Coloboma and/or microphthalmia may lead to poor vision and require routine care for these findings.
Hearing loss may require routine care including hearing aids.
Epilepsy is treated using standard protocols.
Developmental delay requires specific support (speech therapy, physical therapy) adapted to the severity of the disability.
Malformations of the heart, urinary tract, and oral clefts are treated using standard procedures.

Surveillance

Appropriate surveillance includes the following:

Neurodevelopmental follow up by a multidisciplinary team involved in cognitive impairment and appropriate support
Coloboma or microphthalmia: ophthalmologic follow-up (at least yearly) with systematic screening for intraocular hypertension and glaucoma. Although glaucoma has not been reported to date, it is a known complication of colobomatous microphthalmia. Early detection allows specific treatment of intraocular hypertension.
Routine follow up of deafness for any evidence of progression
Cardiac defect: cardiology follow up (adapted to the type of congenital heart disease identified)
Renal tract anomaly: nephrology follow up adapted to the anomaly and the risk of renal insufficiency
Screening for malignancies. The risk of malignancies is not established for BWCFF syndrome; screening for hematologic malignancies must be considered in case of physical deterioration or unexplained chronic fever.

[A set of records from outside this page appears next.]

(* In the worst case, no algorithm that uses only one disk, accessed by sequential passes, can compute the Burrows–Wheeler transform of a text of length $n$ when the product of the size of its internal memory in bits and its number of passes is $o(n)$; likewise, no such algorithm can invert the Burrows–Wheeler transform (recover $T$ from $\mathrm{bwt}(T)$) when this product is $o(n)$.
   Context: Model: a machine with an internal memory of a given number of bits and a single disk; the input initially resides on the disk, the output must eventually reside on the disk, and the disk is accessed only by sequential passes (scans). For a text $T[1,n]$ over a finite ordered alphabet with a unique smallest terminating character $T[n]$, the suffix array $\mathrm{sa}[1,n]$ lists starting positions of the suffixes of $T$ in lexicographic order, and $\mathrm{bwt}(T)[i] = T[\mathrm{sa}[i]-1]$ if $\mathrm{sa}[i]>1$, $\mathrm{bwt}(T)[i]=T[n]$ if $\mathrm{sa}[i]=1$. "In the worst case" means: for any such algorithm whose (memory size in bits) $\times$ (number of passes) is $o(n)$, there are inputs of length $n$ (for infinitely many $n$) on which it does not produce the correct output. *)

theory Defs
  imports Main "HOL-Library.Landau_Symbols"
begin

definition valid_text :: "nat set \<Rightarrow> nat list \<Rightarrow> bool" where
  "valid_text \<Sigma> T \<longleftrightarrow> T \<noteq> [] \<and> set T \<subseteq> \<Sigma> \<and> (\<forall>i < length T - 1. last T < T ! i)"

definition suf_less :: "nat list \<Rightarrow> nat \<Rightarrow> nat \<Rightarrow> bool" where
  "suf_less T i j \<longleftrightarrow> (drop i T, drop j T) \<in> lexord {(a, b). a < b}"

definition sa :: "nat list \<Rightarrow> nat list" where
  "sa T = (THE l. distinct l \<and> set l = {0..<length T} \<and> sorted_wrt (suf_less T) l)"

definition bwt :: "nat list \<Rightarrow> nat list" where
  "bwt T = map (\<lambda>i. if i = 0 then last T else T ! (i - 1)) (sa T)"

text \<open>A machine: finite control (states are naturals; a memory of b bits means the
states used are those below 2^b), a single disk (cells indexed by nat, symbols are
naturals, unbounded to the right) with one head.
A pass is a maximal sequence of head moves in one direction; the count starts at 1
(the initial left-to-right scan) and increases at every change of direction.\<close>

datatype dir = Lm | Rm | Sm

record machine =
  delta :: "nat \<Rightarrow> nat \<Rightarrow> nat \<times> nat \<times> dir"
  final :: "nat \<Rightarrow> bool"

record config =
  st :: nat
  pos :: nat
  tape :: "nat \<Rightarrow> nat"
  lastdir :: dir
  passes :: nat

definition step :: "machine \<Rightarrow> config \<Rightarrow> config" where
  "step M c = (if final M (st c) then c else
     (case delta M (st c) (tape c (pos c)) of (q', g, d) \<Rightarrow>
       c\<lparr> st := q', tape := (tape c)(pos c := g),
          pos := (case d of Lm \<Rightarrow> pos c - 1 | Rm \<Rightarrow> pos c + 1 | Sm \<Rightarrow> pos c),
          lastdir := (if d = Sm then lastdir c else d),
          passes := (if d = Sm \<or> d = lastdir c then passes c else passes c + 1) \<rparr>))"
definition simple_polygon :: "pt list \<Rightarrow> bool" where
  "simple_polygon vs \<longleftrightarrow> length vs \<ge> 3 \<and> distinct vs \<and>
     (\<forall>i<length vs. \<forall>j<length vs. i \<noteq> j \<longrightarrow>
        edge vs i \<inter> edge vs j \<subseteq> {vs ! i, vs ! nxt vs i} \<inter> {vs ! j, vs ! nxt vs j})"

definition poly_boundary :: "pt list \<Rightarrow> pt set" where
  "poly_boundary vs = (\<Union>i<length vs. edge vs i)"

definition poly_elem :: "pt list \<Rightarrow> pt set" where
  "poly_elem vs = inside (poly_boundary vs)"

text \<open>Boundary without the vertices (the normal is only defined there; vertices are a
  null set of the boundary).\<close>
definition Gam :: "pt list \<Rightarrow> pt set" where
  "Gam vs = (\<Union>i<length vs. oedge vs i)"

definition edge_normal :: "pt list \<Rightarrow> nat \<Rightarrow> pt" where
  "edge_normal vs i = (SOME \<nu>. norm \<nu> = 1 \<and> \<nu> \<bullet> (vs ! nxt vs i - vs ! i) = 0 \<and>
      (\<forall>\<^sub>F t in at_right 0. midpoint (vs ! i) (vs ! nxt vs i) + t *\<^sub>R \<nu> \<notin> poly_elem vs))"

definition nrm :: "pt list \<Rightarrow> pt \<Rightarrow> pt" where
  "nrm vs x = (if \<exists>i<length vs. x \<in> oedge vs i
      then edge_normal vs (SOME i. i < length vs \<and> x \<in> oedge vs i) else 0)"

definition poly2 :: "(pt \<Rightarrow> real) \<Rightarrow> bool" where
  "poly2 f \<longleftrightarrow> (\<exists>N c. \<forall>x. f x = (\<Sum>i\<le>N. \<Sum>j\<le>N. c i j * (x$1)^i * (x$2)^j))"

definition polyvec :: "(pt \<Rightarrow> pt) \<Rightarrow> bool" where
  "polyvec w \<longleftrightarrow> poly2 (\<lambda>x. w x $ 1) \<and> poly2 (\<lambda>x. w x $ 2)"

definition fdspace :: "('a \<Rightarrow> 'b::real_vector) set \<Rightarrow> bool" where
  "fdspace V \<longleftrightarrow> (\<exists>B. finite B \<and> V = {(\<lambda>x. \<Sum>b\<in>B. c b *\<^sub>R b x) | c. True})"

definition pd :: "2 \<Rightarrow> (pt \<Rightarrow> real) \<Rightarrow> pt \<Rightarrow> real" where
  "pd k f x = deriv (\<lambda>t. f (x + t *\<^sub>R axis k 1)) 0"

definition curl_v :: "(pt \<Rightarrow> pt) \<Rightarrow> pt \<Rightarrow> real" where
  "curl_v w x = - pd 2 (\<lambda>y. w y $ 1) x + pd 1 (\<lambda>y. w y $ 2) x"

definition curl_s :: "(pt \<Rightarrow> real) \<Rightarrow> pt \<Rightarrow> pt" where
  "curl_s p x = vector [pd 2 p x, - pd 1 p x]"

definition cross_vv :: "pt \<Rightarrow> pt \<Rightarrow> real" where
  "cross_vv n v = - n$2 * v$1 + n$1 * v$2"

definition cross_vs :: "pt \<Rightarrow> real \<Rightarrow> pt" where
  "cross_vs n p = vector [n$2 * p, - n$1 * p]"

text \<open>Restriction to a set (functions on the boundary are represented as functions
  vanishing off the boundary).\<close>
definition restr :: "'a set \<Rightarrow> ('a \<Rightarrow> 'b::zero) \<Rightarrow> 'a \<Rightarrow> 'b" where
  "restr S f x = (if x \<in> S then f x else 0)"

definition gam_s :: "pt list \<Rightarrow> (pt \<Rightarrow> real) \<Rightarrow> pt \<Rightarrow> pt" where
  "gam_s vs v = restr (Gam vs) (\<lambda>x. cross_vs (nrm vs x) (v x))"

text \<open>gamma on vectors: w |-> n x w x n = w - (w.n) n on the boundary\<close>
definition gam_v :: "pt list \<Rightarrow> (pt \<Rightarrow> pt) \<Rightarrow> pt \<Rightarrow> pt" where
  "gam_v vs w = restr (Gam vs) (\<lambda>x. w x - (w x \<bullet> nrm vs x) *\<^sub>R nrm vs x)"

definition trc :: "pt list \<Rightarrow> (pt \<Rightarrow> real) \<Rightarrow> (pt \<Rightarrow> pt) \<Rightarrow> pt \<Rightarrow> pt" where
  "trc vs v w = (\<lambda>x. gam_s vs v x + gam_v vs w x)"

definition perp_s :: "pt set \<Rightarrow> (pt \<Rightarrow> real) set \<Rightarrow> (pt \<Rightarrow> real) set \<Rightarrow> (pt \<Rightarrow> real) set" where
  "perp_s K V Vt = {v \<in> V. \<forall>u\<in>Vt. integral K (\<lambda>x. v x * u x) = 0}"

definition perp_v :: "pt set \<Rightarrow> (pt \<Rightarrow> pt) set \<Rightarrow> (pt \<Rightarrow> pt) set \<Rightarrow> (pt \<Rightarrow> pt) set" where
  "perp_v K W Wt = {w \<in> W. \<forall>u\<in>Wt. integral K (\<lambda>x. w x \<bullet> u x) = 0}"

end

theory Submission
  imports Defs "HOL-Library.Function_Algebras"
begin

(* The trace map tr(v, w) = gamma v + gamma w is the sum of two additive maps defined on the
   groups Vt-perp and Wt-perp. For any such sum map, injectivity means that both summands are
   injective and that their images meet only in 0, and its image is the sum of the two images;
   so the criterion is pure linear algebra. The only analytic input is that the L2-orthogonal
   complements are closed under subtraction, which needs the products of polynomials to be
   integrable over the bounded open element K. *)

lemma inj_on_sum_of_additive_iff:
  fixes f :: "'a::ab_group_add \<Rightarrow> 'c::ab_group_add" and g :: "'b::ab_group_add \<Rightarrow> 'c"
  assumes f: "Modules.additive f" and g: "Modules.additive g"
    and P: "0 \<in> P" "\<And>x y. x \<in> P \<Longrightarrow> y \<in> P \<Longrightarrow> x - y \<in> P"
    and Q: "0 \<in> Q" "\<And>x y. x \<in> Q \<Longrightarrow> y \<in> Q \<Longrightarrow> x - y \<in> Q"
  shows "inj_on (\<lambda>(x, y). f x + g y) (P \<times> Q) \<longleftrightarrow>
      inj_on f P \<and> inj_on g Q \<and> f ` P \<inter> g ` Q = {0}"
proof
  assume inj: "inj_on (\<lambda>(x, y). f x + g y) (P \<times> Q)"
  have "inj_on f P"
  proof (rule inj_onI)
    fix x x' assume "x \<in> P" "x' \<in> P" "f x = f x'"
    then show "x = x'" using inj_onD[OF inj, of "(x, 0)" "(x', 0)"] Q(1) by auto
  qed
  moreover have "inj_on g Q"
  proof (rule inj_onI)
    fix y y' assume "y \<in> Q" "y' \<in> Q" "g y = g y'"
    then show "y = y'" using inj_onD[OF inj, of "(0, y)" "(0, y')"] P(1) by auto
  qed
  moreover have "f ` P \<inter> g ` Q \<subseteq> {0}"
  proof
    fix a assume "a \<in> f ` P \<inter> g ` Q"
    then obtain x y where x: "x \<in> P" and y: "y \<in> Q" and a: "a = f x" "a = g y" by auto
    have "- y \<in> Q" using Q(2)[OF Q(1) y] by simp
    moreover have "f x + g (- y) = f 0 + g 0"
      using a by (simp add: additive.minus[OF g] additive.zero[OF f] additive.zero[OF g])
    ultimately have "x = 0" using inj_onD[OF inj, of "(x, - y)" "(0, 0)"] x P(1) Q(1) by auto
    then show "a \<in> {0}" using a additive.zero[OF f] by simp
  qed
  moreover have "0 \<in> f ` P \<inter> g ` Q"
    using P(1) Q(1) additive.zero[OF f] additive.zero[OF g] by (metis IntI image_eqI)
  ultimately show "inj_on f P \<and> inj_on g Q \<and> f ` P \<inter> g ` Q = {0}" by blast
next
  assume "inj_on f P \<and> inj_on g Q \<and> f ` P \<inter> g ` Q = {0}"
  then have injf: "inj_on f P" and injg: "inj_on g Q" and meet: "f ` P \<inter> g ` Q = {0}" by auto
  show "inj_on (\<lambda>(x, y). f x + g y) (P \<times> Q)"
  proof (rule inj_onI, clarify)
    fix x y x' y' assume x: "x \<in> P" "x' \<in> P" and y: "y \<in> Q" "y' \<in> Q"
      and eq: "f x + g y = f x' + g y'"
    have "f (x - x') = g (y' - y)"
      using eq by (simp add: additive.diff[OF f] additive.diff[OF g] algebra_simps)
    moreover have "f (x - x') \<in> f ` P" "g (y' - y) \<in> g ` Q" using x y P(2) Q(2) by auto
    ultimately have "f (x - x') = 0" "g (y' - y) = 0" using meet by auto
    then have "f x = f x'" "g y = g y'" by (simp_all add: additive.diff[OF f] additive.diff[OF g])
    then show "x = x' \<and> y = y'" using injf injg x y by (auto dest: inj_onD)
  qed
qed

lemma bij_betw_sum_of_additive_iff:
  fixes f :: "'a::ab_group_add \<Rightarrow> 'c::ab_group_add" and g :: "'b::ab_group_add \<Rightarrow> 'c"
  assumes "Modules.additive f" "Modules.additive g"
    and "0 \<in> P" "\<And>x y. x \<in> P \<Longrightarrow> y \<in> P \<Longrightarrow> x - y \<in> P"
    and "0 \<in> Q" "\<And>x y. x \<in> Q \<Longrightarrow> y \<in> Q \<Longrightarrow> x - y \<in> Q"
  shows "bij_betw (\<lambda>(x, y). f x + g y) (P \<times> Q) M \<longleftrightarrow>
      inj_on f P \<and> inj_on g Q \<and> f ` P \<inter> g ` Q = {0} \<and>
      {a + b | a b. a \<in> f ` P \<and> b \<in> g ` Q} = M"
proof -
  have "(\<lambda>(x, y). f x + g y) ` (P \<times> Q) = {a + b | a b. a \<in> f ` P \<and> b \<in> g ` Q}"
    by force
  then show ?thesis
    by (simp only: bij_betw_def inj_on_sum_of_additive_iff[OF assms] conj_assoc)
qed

lemma poly2_continuous: "poly2 f \<Longrightarrow> continuous_on UNIV f"
proof -
  assume "poly2 f"
  then obtain N c where "f = (\<lambda>x. \<Sum>i\<le>N. \<Sum>j\<le>N. c i j * (x$1)^i * (x$2)^j)"
    unfolding poly2_def by blast
  then show ?thesis by (simp add: continuous_intros)
qed

lemma polyvec_continuous: "polyvec w \<Longrightarrow> continuous_on UNIV w"
proof -
  assume "polyvec w"
  then have "continuous_on UNIV (\<lambda>x. w x $ i)" for i
    using exhaust_2[of i] poly2_continuous unfolding polyvec_def by fastforce
  then show ?thesis by (rule continuous_on_vec_lambda[where f = "\<lambda>i x. w x $ i", simplified])
qed

lemma continuous_integrable_on_bounded:
  fixes f :: "'a::euclidean_space \<Rightarrow> 'b::euclidean_space"
  assumes "continuous_on UNIV f" "bounded S" "S \<in> sets lebesgue"
  shows "f integrable_on S"
proof -
  obtain r where "S \<subseteq> cbox (- r) r" using bounded_subset_cbox_symmetric[OF assms(2)] by blast
  moreover have "f absolutely_integrable_on cbox (- r) r"
    using assms(1) continuous_on_subset by (blast intro: absolutely_integrable_continuous)
  ultimately have "f absolutely_integrable_on S"
    using set_integrable_subset assms(3) by blast
  then show ?thesis using set_lebesgue_integral_eq_integral(1) by blast
qed

lemma integral_bilinear_diff_left:
  fixes a b :: "'a::euclidean_space \<Rightarrow> 'b::real_normed_vector" and u :: "'a \<Rightarrow> 'c::real_normed_vector"
    and prod :: "'b \<Rightarrow> 'c \<Rightarrow> 'd::euclidean_space"
  assumes "bounded_bilinear prod" "bounded S" "S \<in> sets lebesgue"
    and "continuous_on UNIV a" "continuous_on UNIV b" "continuous_on UNIV u"
  shows "integral S (\<lambda>x. prod (a x - b x) (u x)) =
      integral S (\<lambda>x. prod (a x) (u x)) - integral S (\<lambda>x. prod (b x) (u x))"
proof -
  have "(\<lambda>x. prod (c x) (u x)) integrable_on S" if "continuous_on UNIV c" for c
    using bounded_bilinear.continuous_on[OF assms(1) that assms(6)] assms(2,3)
    by (rule continuous_integrable_on_bounded)
  then show ?thesis
    using assms(4,5) by (simp add: bounded_bilinear.diff_left[OF assms(1)] integral_diff)
qed

lemma fdspace_zero: "fdspace V \<Longrightarrow> 0 \<in> V"
  unfolding fdspace_def by (auto intro!: exI[of _ "\<lambda>_. 0"] simp: zero_fun_def)

lemma fdspace_diff:
  assumes "fdspace V" "a \<in> V" "b \<in> V"
  shows "a - b \<in> V"
proof -
  obtain B where V: "V = {(\<lambda>x. \<Sum>e\<in>B. c e *\<^sub>R e x) | c. True}"
    using assms(1) unfolding fdspace_def by blast
  then obtain ca cb where "a = (\<lambda>x. \<Sum>e\<in>B. ca e *\<^sub>R e x)" "b = (\<lambda>x. \<Sum>e\<in>B. cb e *\<^sub>R e x)"
    using assms(2,3) by blast
  then have "a - b = (\<lambda>x. \<Sum>e\<in>B. (ca e - cb e) *\<^sub>R e x)"
    by (simp add: fun_eq_iff sum_subtractf scaleR_diff_left)
  then show ?thesis unfolding V by (intro CollectI exI[of _ "\<lambda>e. ca e - cb e"]) simp
qed

lemma zero_in_perp_s: "fdspace V \<Longrightarrow> 0 \<in> perp_s K V Vt"
  unfolding perp_s_def by (simp add: fdspace_zero)

lemma zero_in_perp_v: "fdspace W \<Longrightarrow> 0 \<in> perp_v K W Wt"
  unfolding perp_v_def by (simp add: fdspace_zero)

lemma perp_s_diff:
  assumes K: "bounded K" "K \<in> sets lebesgue"
    and V: "fdspace V" "\<forall>v\<in>V. continuous_on UNIV v" and "Vt \<subseteq> V"
    and v: "v \<in> perp_s K V Vt" "v' \<in> perp_s K V Vt"
  shows "v - v' \<in> perp_s K V Vt"
proof -
  have "integral K (\<lambda>x. (v x - v' x) * u x) = 0" if "u \<in> Vt" for u
    using integral_bilinear_diff_left[OF bounded_bilinear_mult K, of v v' u] that v V(2) \<open>Vt \<subseteq> V\<close>
    unfolding perp_s_def by auto
  then show ?thesis using v fdspace_diff[OF V(1)] unfolding perp_s_def by auto
qed

lemma perp_v_diff:
  assumes K: "bounded K" "K \<in> sets lebesgue"
    and W: "fdspace W" "\<forall>w\<in>W. continuous_on UNIV w" and "Wt \<subseteq> W"
    and w: "w \<in> perp_v K W Wt" "w' \<in> perp_v K W Wt"
  shows "w - w' \<in> perp_v K W Wt"
proof -
  have "integral K (\<lambda>x. (w x - w' x) \<bullet> u x) = 0" if "u \<in> Wt" for u
    using integral_bilinear_diff_left[OF bounded_bilinear_inner K, of w w' u] that w W(2) \<open>Wt \<subseteq> W\<close>
    unfolding perp_v_def by auto
  then show ?thesis using w fdspace_diff[OF W(1)] unfolding perp_v_def by auto
qed

lemma compact_poly_boundary: "compact (poly_boundary vs)"
  unfolding poly_boundary_def edge_def by (intro compact_UN) auto

lemma bounded_poly_elem: "bounded (poly_elem vs)"
  unfolding poly_elem_def by (simp add: bounded_inside compact_imp_bounded compact_poly_boundary)

lemma poly_elem_lebesgue: "poly_elem vs \<in> sets lebesgue"
  unfolding poly_elem_def by (simp add: open_inside compact_imp_closed compact_poly_boundary)

lemma additive_gam_s: "Modules.additive (gam_s vs)"
  by unfold_locales
    (auto simp: fun_eq_iff gam_s_def restr_def cross_vs_def vec_eq_iff forall_2 algebra_simps)

lemma additive_gam_v: "Modules.additive (gam_v vs)"
  by unfold_locales (auto simp: fun_eq_iff gam_v_def restr_def inner_add_left algebra_simps)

Evaluation of Relatives at Risk

See Genetic Counseling for issues related to testing of at-risk relatives for genetic counseling purposes.

Therapies Under Investigation

Search ClinicalTrials.gov in the US and www.ClinicalTrialsRegister.eu in Europe for access to information on clinical studies for a wide range of diseases and conditions. Note: There may not be clinical trials for this disorder.